Catheterization Lab Findings:

LAD: 100% mid-thrombotic occlusion - stented

D1: Ostial 99% - stented

Ramus intermedius: 100% thromotic occlusion - stented

ECG after reperfusion: 

Significant loss of R waves with persistent STE, but also with some reperfusion as evidenced by the significant terminal T wave inversion in the LAD distribution. This likely indicates incomplete microvascular reperfusion ("no reflow phenomenon"). The presence of QS-waves portends complete transmural MI. If LVA develops (and this is quite likely), then T-waves may be inverted (or upright), but will not remain so deep. 

This patient went to the lab at only about 2 hours after onset of symptoms, with hyperacute T waves on the first few ED ECGs. There was not much delay, and it was electrocardiographically hyperacute before intervention. Hopefully this portends that this patient has a decent chance of recovery of the anterior wall and apex (stunning vs. infarction), but based on the ECG, troponins, and explanation below, it seems unlikely.

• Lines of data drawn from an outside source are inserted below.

(* Let $V=\{v_1,\dots,v_k\}\subset\mathcal{V}_{\mathbb{T}}$, $\kappa\in\{-1,+1\}$, $E=\{e_1,\dots,e_\ell\}\subset\mathcal{E}_{\mathbb{T}}$ (possibly empty), and $s_1,\dots,s_\ell,g_1,\dots,g_\ell\in\{0,1\}$ with $g_i\ge s_i$ for all $i$. Let $I=\bigcap_{i=1}^k\{\sigma(v_i)=\kappa\}$, $A_s=\bigcap_{j=1}^\ell\{\eta(e_j)=s_j\}$, $A_g=\bigcap_{j=1}^\ell\{\eta(e_j)=g_j\}$ (with $A_s=A_g$ the whole space if $E=\emptyset$). Then for every $e\in\mathcal{E}_{\mathbb{T}}\setminus E$, $$\mathbb{P}_{\beta,r}(\eta(e)=1\mid A_g,I)\ge \mathbb{P}_{\beta,r}(\eta(e)=1\mid A_s).$$
   Context: $\mathbb{T}$ is the triangular lattice with vertex set $\mathcal{V}_{\mathbb{T}}$ and edge set $\mathcal{E}_{\mathbb{T}}$; $\beta_c$ is the critical inverse temperature of the zero-field Ising model on $\mathbb{T}$. Throughout $\beta<\beta_c$, $p=1-e^{-\beta}$, $r\in[0,1]$, and $\nu_{p,2}$ is the (unique) Fortuin–Kasteleyn random-cluster measure on $\{0,1\}^{\mathcal{E}_{\mathbb{T}}}$ with parameters $p$ and $q=2$. $\mathbb{P}_{\beta,r}$ is the joint law of $(\eta,\sigma)\in\{0,1\}^{\mathcal{E}_{\mathbb{T}}}\times\{-1,+1\}^{\mathcal{V}_{\mathbb{T}}}$ where $\eta\sim\nu_{p,2}$ and, given $\eta$, each FK cluster (connected component of open edges, $\eta(e)=1$) independently receives spin $+1$ with probability $r$ and $-1$ with probability $1-r$, all its vertices getting that spin. *)

theory Defs
  imports "HOL-Probability.Probability" "HOL-Library.Countable"
begin

type_synonym vtx = "int \<times> int"
type_synonym edg = "vtx set"

text \<open>Triangular lattice embedded in Z^2: neighbours differ by (1,0),(0,1),(1,1) or their negatives.\<close>
definition tadj :: "vtx \<Rightarrow> vtx \<Rightarrow> bool" where
  "tadj u v \<longleftrightarrow> (fst v - fst u, snd v - snd u) \<in> {(1,0),(-1,0),(0,1),(0,-1),(1,1),(-1,-1)}"

definition TE :: "edg set" where
  "TE = {{u, v} | u v. tadj u v}"

definition box :: "nat \<Rightarrow> vtx set" where
  "box n = {-int n..int n} \<times> {-int n..int n}"

definition box_edges :: "nat \<Rightarrow> edg set" where
  "box_edges n = {e \<in> TE. e \<subseteq> box n}"

definition open_rel :: "edg set \<Rightarrow> (vtx \<times> vtx) set" where
  "open_rel Op = {(a, b). {a, b} \<in> Op}"

definition num_clusters :: "nat \<Rightarrow> edg set \<Rightarrow> nat" where
  "num_clusters n Op = card (box n // ((open_rel Op)\<^sup>*))"

definition fk_weight :: "real \<Rightarrow> real \<Rightarrow> nat \<Rightarrow> edg set \<Rightarrow> real" where
  "fk_weight p q n Op = p ^ card Op * (1 - p) ^ card (box_edges n - Op) * q ^ num_clusters n Op"

definition cfg :: "edg set \<Rightarrow> (edg \<Rightarrow> bool)" where
  "cfg Op = (\<lambda>e\<in>TE. e \<in> Op)"

text \<open>Free-boundary random-cluster measure on the box, applied to an event of full configurations
  (edges outside the box are closed).\<close>
definition fk_free :: "real \<Rightarrow> real \<Rightarrow> nat \<Rightarrow> (edg \<Rightarrow> bool) set \<Rightarrow> real" where
  "fk_free p q n A =
     (\<Sum>Op\<in>Pow (box_edges n). if cfg Op \<in> A then fk_weight p q n Op else 0)
     / (\<Sum>Op\<in>Pow (box_edges n). fk_weight p q n Op)"

definition Omega_E :: "(edg \<Rightarrow> bool) measure" where
  "Omega_E = (\<Pi>\<^sub>M e\<in>TE. count_space (UNIV :: bool set))"

text \<open>nu is the infinite-volume (free) random-cluster measure: probabilities of all cylinder events
  are the limits of the finite-volume free measures.\<close>
definition FK_free_limit :: "real \<Rightarrow> real \<Rightarrow> (edg \<Rightarrow> bool) measure \<Rightarrow> bool" where
  "FK_free_limit p q \<nu> \<longleftrightarrow>
     prob_space \<nu> \<and> sets \<nu> = sets Omega_E \<and>
     (\<forall>A F. finite F \<and> F \<subseteq> TE \<and> A \<in> sets Omega_E \<and>
        (\<forall>\<eta>\<in>space Omega_E. \<forall>\<eta>'\<in>space Omega_E. (\<forall>e\<in>F. \<eta> e = \<eta>' e) \<longrightarrow> (\<eta> \<in> A \<longleftrightarrow> \<eta>' \<in> A))
        \<longrightarrow> (\<lambda>n. fk_free p q n A) \<longlonglongrightarrow> measure \<nu> A)"

text \<open>Plus-boundary Ising model on box n with weight exp((beta/2) * sum over edges of sigma_u sigma_v),
  which is the Ising model coupled to FK with p = 1 - exp(-beta).\<close>
definition ext_plus :: "nat \<Rightarrow> (vtx \<Rightarrow> int) \<Rightarrow> vtx \<Rightarrow> int" where
  "ext_plus n \<sigma> x = (if x \<in> box n then \<sigma> x else 1)"

definition ising_weight :: "real \<Rightarrow> nat \<Rightarrow> (vtx \<Rightarrow> int) \<Rightarrow> real" where
  "ising_weight \<beta> n \<sigma> =
     exp (\<beta> / 2 * (\<Sum>e\<in>{e \<in> TE. e \<inter> box n \<noteq> {}}. real_of_int (\<Prod>x\<in>e. ext_plus n \<sigma> x)))"

definition ising_plus_mag :: "real \<Rightarrow> nat \<Rightarrow> real" where
  "ising_plus_mag \<beta> n =
     (\<Sum>\<sigma>\<in>box n \<rightarrow>\<^sub>E {-1, 1}. real_of_int (\<sigma> (0, 0)) * ising_weight \<beta> n \<sigma>)
     / (\<Sum>\<sigma>\<in>box n \<rightarrow>\<^sub>E {-1, 1}. ising_weight \<beta> n \<sigma>)"

definition spont_mag :: "real \<Rightarrow> real" where
  "spont_mag \<beta> = lim (ising_plus_mag \<beta>)"

definition beta_c :: real where
  "beta_c = Inf {\<beta>. 0 \<le> \<beta> \<and> spont_mag \<beta> > 0}"

definition connected :: "(edg \<Rightarrow> bool) \<Rightarrow> vtx \<Rightarrow> vtx \<Rightarrow> bool" where
  "connected \<eta> u v \<longleftrightarrow> (u, v) \<in> {(a, b). {a, b} \<in> TE \<and> \<eta> {a, b}}\<^sup>*"

definition rep :: "(edg \<Rightarrow> bool) \<Rightarrow> vtx \<Rightarrow> vtx" where
  "rep \<eta> v = arg_min (to_nat :: vtx \<Rightarrow> nat) (connected \<eta> v)"

definition spin_pmf :: "real \<Rightarrow> int pmf" where
  "spin_pmf r = map_pmf (\<lambda>b. if b then 1 else -1) (bernoulli_pmf r)"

Echo one day after catheterization: "EF 31%. Akinesis of the apical LV segments and mid-septum (LAD distribution)."

Multiple repeat troponins were greater than 25,000 ng/L (our lab's upper limit of reporting).  

Smith: These very high troponins further support a very large MI and portend a poor prognosis in spite of rapid therapy.  It is consistent with the persistently high ST segments after reperfusion.  Both these findings together suggest some element of "No Reflow" due to microvascular obstruction with platelet-fibrin aggregates.  ST resolution is the best indicator of microvascular reperfusion, and can also be measured by TIMI myocardial perfusion grading on the angiogram.

See this post: 

Poor Microvascular Reperfusion ("No Reflow"): Best Diagnosed by ECG

ECG progression (lead 4):

This is a very nice demonstration of the main concepts of the OMI progression. Hyperacute T waves inflate with area under the curve as the R wave diminishes, with rising ST segments, development of small Q waves which grow bigger as the R wave diminishes, then total QS waves with persistent STE.

Learning Points

Frequent repeat ECGs are extremely important for the detection of OMI, especially with a concerning story. Within 15 minutes this patient's ECG demonstrated clear and obvious evidence of evolving OMI. This was particularly important in this case, as early detection was essential to ensure prompt transfer to PCI.

Terminal QRS distortion occurs when the enlarging T wave and rising ST segment obliterates the end of the QRS complex, characterized by lack of BOTH 1) an S-wave and 2) a J-wave. When this finding is in V2-3 of a normal QRS complex, it has been shown to have high specificity for OMI.

Do not rely on the ECG becoming such an obvious STEMI(+) OMI as it did in this case. Many patients with OMI will not manifest STEMI criteria, and even when they do, experts can recognize the life-saving need for reperfusion much earlier than STEMI criteria. In this case, Dr. Smith recognized OMI about 30 minutes earlier than STEMI criteria. It is conceivable that reducing the time of identification of OMI to reperfusion in cath lab will improve morbidity or mortality in a common, deadly condition. 

PVCs should be inspected for signs of ischemia and can provide additional evidence of OMI in borderline cases (such as this one).